### EXERCISE INSTRUCTIONS:
Lines below that include "summand" are the answer; copy each one.

### ENTRIES SUPPLIED:
lemma arc_sine_coefficient:
  assumes j: "j > 0" and ab: "a < b" "b - a < 2 * pi"
  shows "((\<lambda>x. indicator (arc a b) x * sin (real j * x)) has_integral
           (cos (real j * a) - cos (real j * b)) / real j) {-pi..pi}"
proof -
  obtain k :: int where k: "-pi \<le> - a + 2 * pi * of_int k" "- a + 2 * pi * of_int k < pi"
    using shift_2pi_into_period[of "-pi" "-a"] by auto
  define a' where "a' = a + 2 * pi * of_int (-k)"
  define b' where "b' = b + 2 * pi * of_int (-k)"
  have a': "-pi < a'" "a' \<le> pi" "a' < b'" "b' < a' + 2 * pi" using k ab unfolding a'_def b'_def by auto
  have "arc a b = arc a' b'" unfolding a'_def b'_def arc_shift_2pi_int ..
  then have "((\<lambda>x. indicator (arc a b) x * sin (real j * x)) has_integral
      (cos (real j * a') - cos (real j * min b' pi)) / real j +
      (if -pi \<le> b' - 2 * pi then (cos (real j * (-pi)) - cos (real j * (b' - 2 * pi))) / real j else 0)) {-pi..pi}"
    using has_integral_add[OF indicator_sin_has_integral[OF j, of a' "min b' pi"]
        indicator_sin_has_integral[OF j, of "-pi" "b' - 2 * pi"]] a'
    by (rule_tac has_integral_eq[rotated]) (auto simp: indicator_arc_on_period distrib_right)
  also have "(cos (real j * a') - cos (real j * min b' pi)) / real j +
      (if -pi \<le> b' - 2 * pi then (cos (real j * (-pi)) - cos (real j * (b' - 2 * pi))) / real j else 0)
    = (cos (real j * a') - cos (real j * b')) / real j"
    using cos_times_add_2pi_int[of j "b' - 2 * pi" 1] a' by (auto simp: min_def diff_divide_distrib)
  also have "\<dots> = (cos (real j * a) - cos (real j * b)) / real j"
    unfolding a'_def b'_def cos_times_add_2pi_int ..
  finally show ?thesis .
qed

lemma S_o_eq_image: "S_o n = (\<lambda>k. 2 * k + 1) ` {..<n}"
proof (intro set_eqI iffI)
  fix j assume "j \<in> S_o n"
  then have j: "odd j" "j \<le> 2 * n - 1" by (auto simp: S_o_def)
  then obtain k where "j = 2 * k + 1" by (metis oddE)
  with j show "j \<in> (\<lambda>k. 2 * k + 1) ` {..<n}" by auto
qed (auto simp: S_o_def)

lemma sum_S_o: "(\<Sum>j\<in>S_o n. f j) = (\<Sum>k<n. f (2 * k + 1))"
  unfolding S_o_eq_image by (subst sum.reindex) (auto simp: inj_on_def)

lemma arc_sine_series:
  assumes ab: "a < b" "b - a < 2 * pi"
  shows "(\<Sum>j\<in>S_o n. integral {-pi..pi} (\<lambda>x. indicator (arc a b) x * sin (real j * x)) * sin (real j * \<theta>))
       = (arc_wave n (arc a b) \<theta> - arc_wave n (arc a b) (-\<theta>)) / 2"
proof -
  have summand: "integral {-pi..pi} (\<lambda>x. indicator (arc a b) x * sin (real j * x)) * sin (real j * \<theta>)
      = (sin (real j * (b - \<theta>)) / real j - sin (real j * (a - \<theta>)) / real j
         - (sin (real j * (b + \<theta>)) / real j - sin (real j * (a + \<theta>)) / real j)) / 2"
    if "j > 0" for j
  proof -
    have "integral {-pi..pi} (\<lambda>x. indicator (arc a b) x * sin (real j * x)) * sin (real j * \<theta>)
        = ((cos (real j * a) - cos (real j * b)) * sin (real j * \<theta>)) / real j"
      using integral_unique[OF arc_sine_coefficient[OF that ab]] by simp
    also have "(cos (real j * a) - cos (real j * b)) * sin (real j * \<theta>)
        = (sin (real j * (b - \<theta>)) - sin (real j * (a - \<theta>)) - (sin (real j * (b + \<theta>)) - sin (real j * (a + \<theta>)))) / 2"
      by (simp add: right_diff_distrib distrib_left sin_diff sin_add algebra_simps)
    finally show ?thesis by (simp add: diff_divide_distrib)
  qed
  have "(\<Sum>j\<in>S_o n. integral {-pi..pi} (\<lambda>x. indicator (arc a b) x * sin (real j * x)) * sin (real j * \<theta>))
      = (\<Sum>k<n. (sin (real (2*k+1) * (b - \<theta>)) / real (2*k+1) - sin (real (2*k+1) * (a - \<theta>)) / real (2*k+1)
         - (sin (real (2*k+1) * (b + \<theta>)) / real (2*k+1) - sin (real (2*k+1) * (a + \<theta>)) / real (2*k+1))) / 2)"
    unfolding sum_S_o by (intro sum.cong refl summand) simp
  also have "\<dots> = ((square_wave_sum n (b - \<theta>) - square_wave_sum n (a - \<theta>))
         - (square_wave_sum n (b + \<theta>) - square_wave_sum n (a + \<theta>))) / 2"
    unfolding square_wave_sum_def by (simp add: sum_divide_distrib[symmetric] sum_subtractf)
  finally have "(\<Sum>j\<in>S_o n. integral {-pi..pi} (\<lambda>x. indicator (arc a b) x * sin (real j * x)) * sin (real j * \<theta>))
      = ((square_wave_sum n (b - \<theta>) - square_wave_sum n (a - \<theta>))
         - (square_wave_sum n (b + \<theta>) - square_wave_sum n (a + \<theta>))) / 2" .
  then show ?thesis using ab by (simp add: arc_wave_arc)
qed

theorem s_hat_eq_family_wave:
  assumes fin: "finite \<I>" and arcs: "\<forall>J\<in>\<I>. is_arc J"
  shows "s_hat n \<I> \<alpha> \<theta> = K * sqrt (real n) * (family_wave n \<I> \<alpha> \<theta> - family_wave n \<I> \<alpha> (-\<theta>)) / 2"
proof -
  let ?c = "\<lambda>J j. integral {-pi..pi} (\<lambda>x. indicator J x * sin (real j * x))"
  have coefficient: "integral {-pi..pi} (\<lambda>\<theta>. g_col \<I> \<alpha> \<theta> * sin (real j * \<theta>)) = (\<Sum>J\<in>\<I>. \<alpha> J * ?c J j)"
    if "j \<in> S_o n" for j
  proof -
    have "(\<lambda>x. indicator J x * sin (real j * x)) integrable_on {-pi..pi}" if "J \<in> \<I>" for J
    proof -
      have "is_arc J" using arcs \<open>J \<in> \<I>\<close> by blast
      then obtain a b where ab: "a < b" "b - a < 2 * pi" "J = arc a b" unfolding is_arc_def by auto
      have "j > 0" using \<open>j \<in> S_o n\<close> by (simp add: S_o_def)
      from arc_sine_coefficient[OF this ab(1,2)] show ?thesis unfolding ab(3) by (rule has_integral_integrable)
    qed
    then have "((\<lambda>x. \<Sum>J\<in>\<I>. \<alpha> J * (indicator J x * sin (real j * x))) has_integral (\<Sum>J\<in>\<I>. \<alpha> J * ?c J j)) {-pi..pi}"
      by (intro has_integral_sum[OF fin] has_integral_mult_right integrable_integral)
    moreover have "(\<lambda>\<theta>. g_col \<I> \<alpha> \<theta> * sin (real j * \<theta>)) = (\<lambda>x. \<Sum>J\<in>\<I>. \<alpha> J * (indicator J x * sin (real j * x)))"
      unfolding g_col_def by (simp add: sum_distrib_right mult.assoc)
    ultimately show ?thesis by (simp add: integral_unique)
  qed
  have series: "(\<Sum>j\<in>S_o n. ?c J j * sin (real j * \<theta>)) = (arc_wave n J \<theta> - arc_wave n J (-\<theta>)) / 2"
    if "J \<in> \<I>" for J
  proof -
    have "is_arc J" using arcs that by blast
    then obtain a b where "a < b" "b - a < 2 * pi" "J = arc a b" unfolding is_arc_def by auto
    then show ?thesis using arc_sine_series by simp
  qed
  have "s_hat n \<I> \<alpha> \<theta> = (\<Sum>j\<in>S_o n. K * sqrt (real n) * (\<Sum>J\<in>\<I>. \<alpha> J * ?c J j) * sin (real j * \<theta>))"
    unfolding s_hat_def eps_hat_def by (intro sum.cong refl) (simp add: coefficient)
  also have "\<dots> = K * sqrt (real n) * (\<Sum>j\<in>S_o n. \<Sum>J\<in>\<I>. \<alpha> J * (?c J j * sin (real j * \<theta>)))"
    by (simp add: sum_distrib_left sum_distrib_right mult.assoc)
  also have "\<dots> = K * sqrt (real n) * (\<Sum>J\<in>\<I>. \<alpha> J * (\<Sum>j\<in>S_o n. ?c J j * sin (real j * \<theta>)))"
    by (simp add: sum.swap[of _ "S_o n"] sum_distrib_left)
  also have "\<dots> = K * sqrt (real n) * (\<Sum>J\<in>\<I>. \<alpha> J * ((arc_wave n J \<theta> - arc_wave n J (-\<theta>)) / 2))"
    by (intro arg_cong[where f = "\<lambda>x. K * sqrt (real n) * x"] sum.cong refl) (simp add: series)
  also have "\<dots> = K * sqrt (real n) * (family_wave n \<I> \<alpha> \<theta> - family_wave n \<I> \<alpha> (-\<theta>)) / 2"
    unfolding family_wave_def
    by (simp add: right_diff_distrib sum_subtractf sum_divide_distrib[symmetric])
  finally show ?thesis .
qed
lemma proj_differentiable_below_reach:
  fixes M :: "'a::euclidean_space set"
  assumes M: "C2_submanifold M" "compact M" and "reach M > 0"
    and p: "p \<in> M" and v: "v \<in> normal_space M p" "norm v < reach M"
  obtains D \<tau> where "normal_diffeo M \<tau>" "norm v < \<tau>" "(proj M has_derivative D) (at (p + v))"
proof -
  obtain \<tau> where "\<tau> > norm v" "normal_diffeo M \<tau>" by (rule normal_diffeo_gt_exists[OF v(2)])
  moreover from this have "p + v \<in> tube M \<tau>" using p v by (auto simp: tube_def)
  ultimately show ?thesis using proj_differentiable_tube[OF M] that by metis
qed

text \<open>At distance \<open>1/l\<close> along \<open>u\<close> the linearised nearest-point equation reads
  \<open>(I - S\<^sub>u/l) (D e) = e\<close>; pairing it with the eigenvector \<open>e\<close> gives
  \<open>|e|\<^sup>2 = \<langle>D e, (I - S\<^sub>u/l) e\<rangle> = 0\<close>.\<close>
lemma weingarten_eigenvalue_le_inv_reach:
  fixes M :: "'a::euclidean_space set"
  assumes M: "C2_submanifold M" "compact M" and "reach M > 0"
    and p: "p \<in> M" and u: "u \<in> normal_space M p" "norm u = 1"
    and e: "e \<in> tangent_space M p" "e \<noteq> 0" "weingarten M p u e = l *\<^sub>R e"
  shows "l \<le> 1 / reach M"
proof (rule ccontr)
  assume "\<not> l \<le> 1 / reach M"
  then have "l > 1 / reach M" by simp
  moreover have "1 / reach M > 0" using \<open>reach M > 0\<close> by simp
  ultimately have "l > 0" by linarith
  define s where "s = 1 / l"
  have "s < reach M" using \<open>1 / reach M < l\<close> \<open>l > 0\<close> \<open>reach M > 0\<close>
    by (simp add: s_def field_simps)
  moreover have "s > 0" using \<open>l > 0\<close> by (simp add: s_def)
  ultimately have v: "s *\<^sub>R u \<in> normal_space M p" "norm (s *\<^sub>R u) < reach M"
    using scaleR_normal_space[OF u(1)] u(2) by auto
  obtain D \<tau> where nd: "normal_diffeo M \<tau>" "norm (s *\<^sub>R u) < \<tau>"
    and D: "(proj M has_derivative D) (at (p + s *\<^sub>R u))"
    by (rule proj_differentiable_below_reach[OF M \<open>reach M > 0\<close> p v])
  have De: "D e \<in> tangent_space M p" by (rule proj_derivative_tangent[OF M nd(1) p v(1) nd(2) D])
  have "inner (s *\<^sub>R u) (sff M p (D e) e) = s * inner (D e) (weingarten M p u e)"
    using inner_weingarten[OF M(1) p e(1), of u "D e"] weingarten_self_adjoint[OF M(1) p De e(1)]
    by (simp add: inner_commute)
  also have "\<dots> = inner (D e) e" using e(3) \<open>l > 0\<close> by (simp add: s_def)
  finally have "inner (e - D e) e + inner (D e) e = 0"
    using proj_derivative_sff[OF M nd(1) p v(1) nd(2) D e(1), of e] by simp
  then show False using e(2) by (simp add: inner_diff_left)
qed

lemma finite_weingarten_eigs:
  assumes M: "C2_submanifold M" "p \<in> M"
  shows "finite (weingarten_eigs M p u)"
proof -
  obtain B where B: "orthonormal_eigenbasis (tangent_space M p) (weingarten M p u) B"
    by (rule weingarten_eigenbasis_exists[OF M])
  have "weingarten_eigs M p u \<subseteq> (\<lambda>b. inner b (weingarten M p u b)) ` B"
    using orthonormal_eigenbasis_eigenvalue[OF B weingarten_self_adjoint[OF M]]
    by (fastforce simp: weingarten_eigs_def)
  then show ?thesis using orthonormal_eigenbasis_finite[OF B] finite_surj by blast
qed

lemma abs_weingarten_eigenvalue_le_inv_reach:
  fixes M :: "'a::euclidean_space set"
  assumes M: "C2_submanifold M" "compact M" and "reach M > 0"
    and p: "p \<in> M" and u: "u \<in> normal_space M p" "norm u = 1"
    and \<mu>: "\<mu> \<in> weingarten_eigs M p u"
  shows "\<bar>\<mu>\<bar> \<le> 1 / reach M"
proof -
  obtain a where a: "a \<in> tangent_space M p" "a \<noteq> 0" "weingarten M p u a = \<mu> *\<^sub>R a"
    using \<mu> by (auto simp: weingarten_eigs_def)
  have "\<mu> \<le> 1 / reach M"
    by (rule weingarten_eigenvalue_le_inv_reach[OF M \<open>reach M > 0\<close> p u a])
  moreover have "- \<mu> \<le> 1 / reach M"
    using weingarten_uminus[OF M(1) p] a u scaleR_normal_space[OF u(1), of "-1"]
    by (intro weingarten_eigenvalue_le_inv_reach[OF M \<open>reach M > 0\<close> p, of "- u" a]) auto
  ultimately show ?thesis by linarith
qed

### ANSWER FOR THE TASK:
  have summand: "integral {-pi..pi} (\<lambda>x. indicator (arc a b) x * sin (real j * x)) * sin (real j * \<theta>)
    unfolding sum_S_o by (intro sum.cong refl summand) simp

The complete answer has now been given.